“Naïve Readings: Reveilles Political and Philosophic” by Ralph Lerner

 

Naïve Readings: Reveilles Political and Philosophic

Ralph Lerner is Benjamin Franklin Professor Emeritus in the College of Social Thought at The University of Chicago.

One sure fact of humanity is that we all cherish our opinions and will often strongly resist efforts by others to change them. Philosophers and politicians have long understood this, and whenever they have sought to get us to think differently they have often resorted to forms of camouflage that slip their unsettling thoughts into our psyche without raising alarm. In this fascinating examination of a range of writers and thinkers, Ralph Lerner offers a new method of reading that detects this camouflage and offers a way toward deeper understandings of some of history’s most important—and most concealed—messages.

Lerner analyzes an astonishing diversity of writers, including Francis Bacon, Benjamin Franklin, Edward Gibbon, Judah Halevi, Thomas Jefferson, Abraham Lincoln, Moses Maimonides, and Alexis de Tocqueville. He shows that by reading their words slowly and naïvely, with wide-open eyes and special attention for moments of writing that become self-conscious, impassioned, or idiosyncratic, we can begin to see a pattern that illuminates a thinker’s intent, new messages purposively executed through indirect means. Through these experimental readings, Lerner shows, we can see a deep commonality across writers from disparate times and situations, one that finds them artfully challenging others to reject passivity and fatalism and start thinking afresh.
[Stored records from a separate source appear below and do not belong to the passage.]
section \<open>The Dyson series\<close>

lemma pot_norm_le_suminf:
  fixes Q :: "nat \<Rightarrow> 'a pot" and S :: "'a pot"
  assumes sums: "\<And>Z \<sigma> \<tau>. Z \<subseteq> L \<Longrightarrow> Z \<noteq> {} \<Longrightarrow> \<sigma> \<in> confs L d \<Longrightarrow> \<tau> \<in> confs L d
      \<Longrightarrow> (\<lambda>n. Q n Z \<sigma> \<tau>) sums S Z \<sigma> \<tau>"
    and summable: "summable (\<lambda>n. pot_norm L d \<kappa> (Q n))"
  shows "pot_norm L d \<kappa> S \<le> (\<Sum>n. pot_norm L d \<kappa> (Q n))"
proof -
  define R where "R m = S - (\<Sum>n<m. Q n)" for m
  have bound: "pot_norm L d \<kappa> S \<le> (\<Sum>n. pot_norm L d \<kappa> (Q n)) + pot_norm L d \<kappa> (R m)" for m
  proof -
    have "pot_norm L d \<kappa> S \<le> pot_norm L d \<kappa> (\<Sum>n<m. Q n) + pot_norm L d \<kappa> (R m)"
      using pot_norm_add[of \<kappa> "\<Sum>n<m. Q n" "R m"] by (simp add: R_def)
    also have "pot_norm L d \<kappa> (\<Sum>n<m. Q n) \<le> (\<Sum>n<m. pot_norm L d \<kappa> (Q n))" by (rule pot_norm_sum)
    also have "\<dots> \<le> (\<Sum>n. pot_norm L d \<kappa> (Q n))"
      by (rule sum_le_suminf[OF summable]) (auto simp: pot_norm_nonneg)
    finally show ?thesis by simp
  qed
  txt \<open>The remainders tend to zero entrywise, hence in the (finite-dimensional) weighted \<open>\<ell>\<^sup>1\<close> norm.\<close>
  have "(\<lambda>m. cmod (R m Z \<sigma> \<tau>)) \<longlonglongrightarrow> 0"
    if "Z \<in> Pow L - {{}}" "\<sigma> \<in> confs L d" "\<tau> \<in> confs L d" for Z \<sigma> \<tau>
  proof -
    have "(\<lambda>m. \<Sum>n<m. Q n Z \<sigma> \<tau>) \<longlonglongrightarrow> S Z \<sigma> \<tau>" using sums[of Z \<sigma> \<tau>] that by (auto simp: sums_def)
    then have "(\<lambda>m. S Z \<sigma> \<tau> - (\<Sum>n<m. Q n Z \<sigma> \<tau>)) \<longlonglongrightarrow> 0"
      using tendsto_diff[OF tendsto_const[of "S Z \<sigma> \<tau>"]] by fastforce
    then show ?thesis unfolding R_def by (simp add: sum_apply tendsto_norm_zero)
  qed
  then have "(\<lambda>m. \<Sum>Z\<in>Pow L - {{}}. exp (\<kappa> * real (card Z)) * op_l1norm L d (R m Z)) \<longlonglongrightarrow>
      (\<Sum>Z\<in>Pow L - {{}}. exp (\<kappa> * real (card Z)) * (\<Sum>\<sigma>\<in>confs L d. \<Sum>\<tau>\<in>confs L d. 0))"
    unfolding op_l1norm_def by (intro tendsto_sum tendsto_mult_left) auto
  then have "(\<lambda>m. \<Sum>Z\<in>Pow L - {{}}. exp (\<kappa> * real (card Z)) * op_l1norm L d (R m Z)) \<longlonglongrightarrow> 0" by simp
  then have "(\<lambda>m. (\<Sum>n. pot_norm L d \<kappa> (Q n))
      + (\<Sum>Z\<in>Pow L - {{}}. exp (\<kappa> * real (card Z)) * op_l1norm L d (R m Z))) \<longlonglongrightarrow> (\<Sum>n. pot_norm L d \<kappa> (Q n)) + 0"
    by (intro tendsto_add tendsto_const)
  moreover have "pot_norm L d \<kappa> S \<le> (\<Sum>n. pot_norm L d \<kappa> (Q n))
      + (\<Sum>Z\<in>Pow L - {{}}. exp (\<kappa> * real (card Z)) * op_l1norm L d (R m Z))" for m
    using bound[of m] pot_norm_le_sum_l1norm[of \<kappa> "R m"] by linarith
  ultimately show ?thesis by (intro tendsto_lowerbound) (auto simp: eventually_sequentially)
qed

text \<open>Spending the gap \<open>\<kappa> - \<kappa>'\<close> in \<open>n\<close> equal steps turns \<open>n\<^sup>n / n!\<close> into at most \<open>e\<^sup>n\<close>.\<close>

lemma pot_norm_dyson_term_le_geometric:
  assumes \<Psi>: "bounded_measurable_tpot L d t \<Psi>" "0 \<le> t" and \<kappa>': "0 \<le> \<kappa>'" "\<kappa>' < \<kappa>"
    and small: "12 * integral {0..t} (\<lambda>s. pot_norm L d \<kappa> (\<Psi> s)) \<le> \<kappa> - \<kappa>'"
  shows "pot_norm L d \<kappa>' (dyson_term L d \<Psi> \<Theta> n t) \<le> pot_norm L d \<kappa> \<Theta> * (1/3) ^ n"
proof (cases "n = 0")
  case True then show ?thesis using pot_norm_mono[of \<kappa>' \<kappa> \<Theta>] \<kappa>' by simp
next
  case False
  define X where "X = integral {0..t} (\<lambda>s. pot_norm L d \<kappa> (\<Psi> s))"
  define a where "a = 4 * exp (- \<kappa>') * X / (\<kappa> - \<kappa>')"
  define \<epsilon> where "\<epsilon> = (\<kappa> - \<kappa>') / n"
  have \<epsilon>: "0 < \<epsilon>" and lev: "\<kappa> - real n * \<epsilon> = \<kappa>'" using False \<kappa>' by (simp_all add: \<epsilon>_def)
  have X0: "0 \<le> X"
    unfolding X_def using \<Psi> by (intro integral_nonneg_bounded_measurable bounded_measurable_pot_norm)
      (auto simp: pot_norm_nonneg)
  have a: "0 \<le> a" "a \<le> 1/3"
  proof -
    show "0 \<le> a" using X0 \<kappa>' by (simp add: a_def)
    have "exp (- \<kappa>') * X \<le> X" using X0 \<kappa>' by (intro mult_left_le_one_le) auto
    then have "4 * exp (- \<kappa>') * X \<le> 4 * X" by simp
    then show "a \<le> 1/3" using small \<kappa>' unfolding a_def X_def by (simp add: divide_le_eq)
  qed
  have "pot_norm L d \<kappa>' (dyson_term L d \<Psi> \<Theta> n t)
      \<le> (4 * exp (- \<kappa>') / (exp 1 * \<epsilon>) * X) ^ n / fact n * pot_norm L d \<kappa> \<Theta>"
    using pot_norm_dyson_term_le[OF \<Psi> \<epsilon> \<kappa>'(1), of \<kappa> n \<Theta>] lev unfolding X_def by simp
  also have "(4 * exp (- \<kappa>') / (exp 1 * \<epsilon>) * X) ^ n / fact n = a ^ n * (real n ^ n / fact n) / exp (real n)"
  proof -
    have "4 * exp (- \<kappa>') / (exp 1 * \<epsilon>) * X = a * real n / exp 1"
      using False \<kappa>' by (simp add: a_def \<epsilon>_def field_simps)
    moreover have "exp (real n) = exp 1 ^ n" using exp_of_nat_mult[of n 1] by simp
    ultimately show ?thesis by (simp add: power_mult_distrib power_divide)
  qed
  also have "\<dots> \<le> a ^ n"
  proof -
    have le1: "real n ^ n / fact n / exp (real n) \<le> 1" using power_div_fact_le_exp[of "real n" n] by (simp add: divide_le_eq mult.commute)
    show ?thesis using mult_left_le[OF le1, of "a ^ n"] a by simp
  qed
  also have "\<dots> \<le> (1/3) ^ n" using a by (intro power_mono)
  finally show ?thesis using pot_norm_nonneg[of \<kappa> \<Theta>] by (simp add: mult_right_mono mult.commute)
qed

lemma pot_norm_dyson_term_diff_le_geometric:
  assumes \<Phi>: "bounded_measurable_tpot L d t \<Phi>" "bounded_measurable_tpot L d t \<Phi>'" "0 \<le> t"
    and \<kappa>': "0 \<le> \<kappa>'" "\<kappa>' < \<kappa>"
    and small: "6 * (integral {0..t} (\<lambda>s. pot_norm L d \<kappa> (\<Phi> s)) + integral {0..t} (\<lambda>s. pot_norm L d \<kappa> (\<Phi>' s)))
      \<le> \<kappa> - \<kappa>'"
  shows "pot_norm L d \<kappa>' (dyson_term L d \<Phi> \<Theta> (Suc k) t - dyson_term L d \<Phi>' \<Theta> (Suc k) t)
    \<le> 4 * exp (- \<kappa>') / (\<kappa> - \<kappa>') * pot_norm L d \<kappa> \<Theta> * integral {0..t} (\<lambda>s. pot_norm L d \<kappa> (\<Phi> s - \<Phi>' s))
      * (real (Suc k) * (2/3) ^ k)"
proof -
  define S where "S = integral {0..t} (\<lambda>s. pot_norm L d \<kappa> (\<Phi> s)) + integral {0..t} (\<lambda>s. pot_norm L d \<kappa> (\<Phi>' s))"
  define G where "G = integral {0..t} (\<lambda>s. pot_norm L d \<kappa> (\<Phi> s - \<Phi>' s))"
  define N where "N = pot_norm L d \<kappa> \<Theta>"
  define b where "b = 4 * exp (- \<kappa>') / (\<kappa> - \<kappa>')"
  define x where "x = real (Suc k)"
  define \<epsilon> where "\<epsilon> = (\<kappa> - \<kappa>') / x"
  have x: "0 < x" by (simp add: x_def)
  have \<epsilon>: "0 < \<epsilon>" and lev: "\<kappa> - real (Suc k) * \<epsilon> = \<kappa>'" using \<kappa>' x by (simp_all add: \<epsilon>_def x_def)
  have nonneg: "0 \<le> integral {0..t} (\<lambda>s. pot_norm L d \<kappa> (\<Psi> s))" if "bounded_measurable_tpot L d t \<Psi>" for \<Psi>
    using that \<Phi>(3)
    by (intro integral_nonneg_bounded_measurable bounded_measurable_pot_norm) (auto simp: pot_norm_nonneg)
  have S0: "0 \<le> S" and G0: "0 \<le> G" and N0: "0 \<le> N" and b0: "0 \<le> b"
    using nonneg[OF \<Phi>(1)] nonneg[OF \<Phi>(2)] nonneg[OF bounded_measurable_tpot_diff[OF \<Phi>(1,2)]] \<kappa>'
    by (simp_all add: S_def G_def N_def b_def pot_norm_nonneg)
  have bS: "b * S \<le> 2/3"
  proof -
    have "exp (- \<kappa>') * S \<le> S" using S0 \<kappa>' by (intro mult_left_le_one_le) auto
    then show ?thesis using small \<kappa>' unfolding b_def S_def by (simp add: divide_le_eq)
  qed
  have "pot_norm L d \<kappa>' (dyson_term L d \<Phi> \<Theta> (Suc k) t - dyson_term L d \<Phi>' \<Theta> (Suc k) t)
      \<le> (4 * exp (- \<kappa>') / (exp 1 * \<epsilon>)) ^ Suc k * N * G * S ^ k / fact k"
    using pot_norm_dyson_term_diff_le[OF \<Phi> \<epsilon> \<kappa>'(1), of \<kappa> k \<Theta>] lev
    unfolding S_def G_def N_def by simp
  also have "\<dots> = b * N * G * x * (b * S) ^ k * (x ^ Suc k / fact (Suc k) / exp x)"
  proof -
    have c: "4 * exp (- \<kappa>') / (exp 1 * \<epsilon>) = b * x / exp 1"
      using \<kappa>' x by (simp add: b_def \<epsilon>_def field_simps)
    have e: "exp x = exp 1 ^ Suc k" using exp_of_nat_mult[of "Suc k" 1] by (simp add: x_def)
    have f: "fact (Suc k) = x * fact k" by (simp add: x_def)
    show ?thesis unfolding c e f using x by (simp add: power_mult_distrib power_divide field_simps)
  qed
  also have "\<dots> \<le> b * N * G * x * (2/3) ^ k * 1"
  proof (intro mult_mono power_mono)
    show "x ^ Suc k / fact (Suc k) / exp x \<le> 1"
      using power_div_fact_le_exp[of x "Suc k"] x by (simp add: divide_le_eq mult.commute)
  qed (use b0 N0 G0 x S0 bS in auto)
  finally show ?thesis by (simp add: b_def G_def N_def x_def)
qed

lemma dyson_series_sums:
  assumes \<Psi>: "bounded_measurable_tpot L d t \<Psi>" "0 \<le> t" and \<kappa>': "0 \<le> \<kappa>'" "\<kappa>' < \<kappa>"
    and small: "12 * integral {0..t} (\<lambda>s. pot_norm L d \<kappa> (\<Psi> s)) \<le> \<kappa> - \<kappa>'"
    and Z: "Z \<subseteq> L" "Z \<noteq> {}" "\<sigma> \<in> confs L d" "\<tau> \<in> confs L d"
  shows "(\<lambda>n. \<i> ^ n * dyson_term L d \<Psi> \<Theta> n t Z \<sigma> \<tau>) sums evol L d \<Psi> t \<Theta> Z \<sigma> \<tau>"
proof -
  obtain x where x: "x \<in> Z" using Z(2) by blast
  have bound: "norm (\<i> ^ n * dyson_term L d \<Psi> \<Theta> n t Z \<sigma> \<tau>) \<le> pot_norm L d \<kappa> \<Theta> * (1/3) ^ n" for n
  proof -
    have "norm (\<i> ^ n * dyson_term L d \<Psi> \<Theta> n t Z \<sigma> \<tau>) \<le> opnorm L d (dyson_term L d \<Psi> \<Theta> n t Z)"
      using norm_entry_le_opnorm[OF Z(3,4)] by (simp add: norm_mult norm_power)
    also have "\<dots> \<le> pot_norm L d \<kappa>' (dyson_term L d \<Psi> \<Theta> n t)" by (rule opnorm_le_pot_norm[OF Z(1) x \<kappa>'(1)])
    also have "\<dots> \<le> pot_norm L d \<kappa> \<Theta> * (1/3) ^ n"
      by (rule pot_norm_dyson_term_le_geometric[OF \<Psi> \<kappa>' small])
    finally show ?thesis .
  qed
  have "summable (\<lambda>n. pot_norm L d \<kappa> \<Theta> * (1/3::real) ^ n)" by (intro summable_mult summable_geometric) simp
  then have "summable (\<lambda>n. \<i> ^ n * dyson_term L d \<Psi> \<Theta> n t Z \<sigma> \<tau>)"
    using bound by (rule summable_comparison_test')
  then show ?thesis unfolding evol_def by (simp add: summable_sums)
qed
“Each of these readings is in an interpretative gem that provides an essential key to the thinker and text explored. The collection as an ordered and integrated whole builds a massively compelling case and model for the recovery of an art of reading whose ‘naiveté’ is in fact the energetic receptivity to authors whose works reach out, subtly and seductively, for partners in revelatory dialogue.”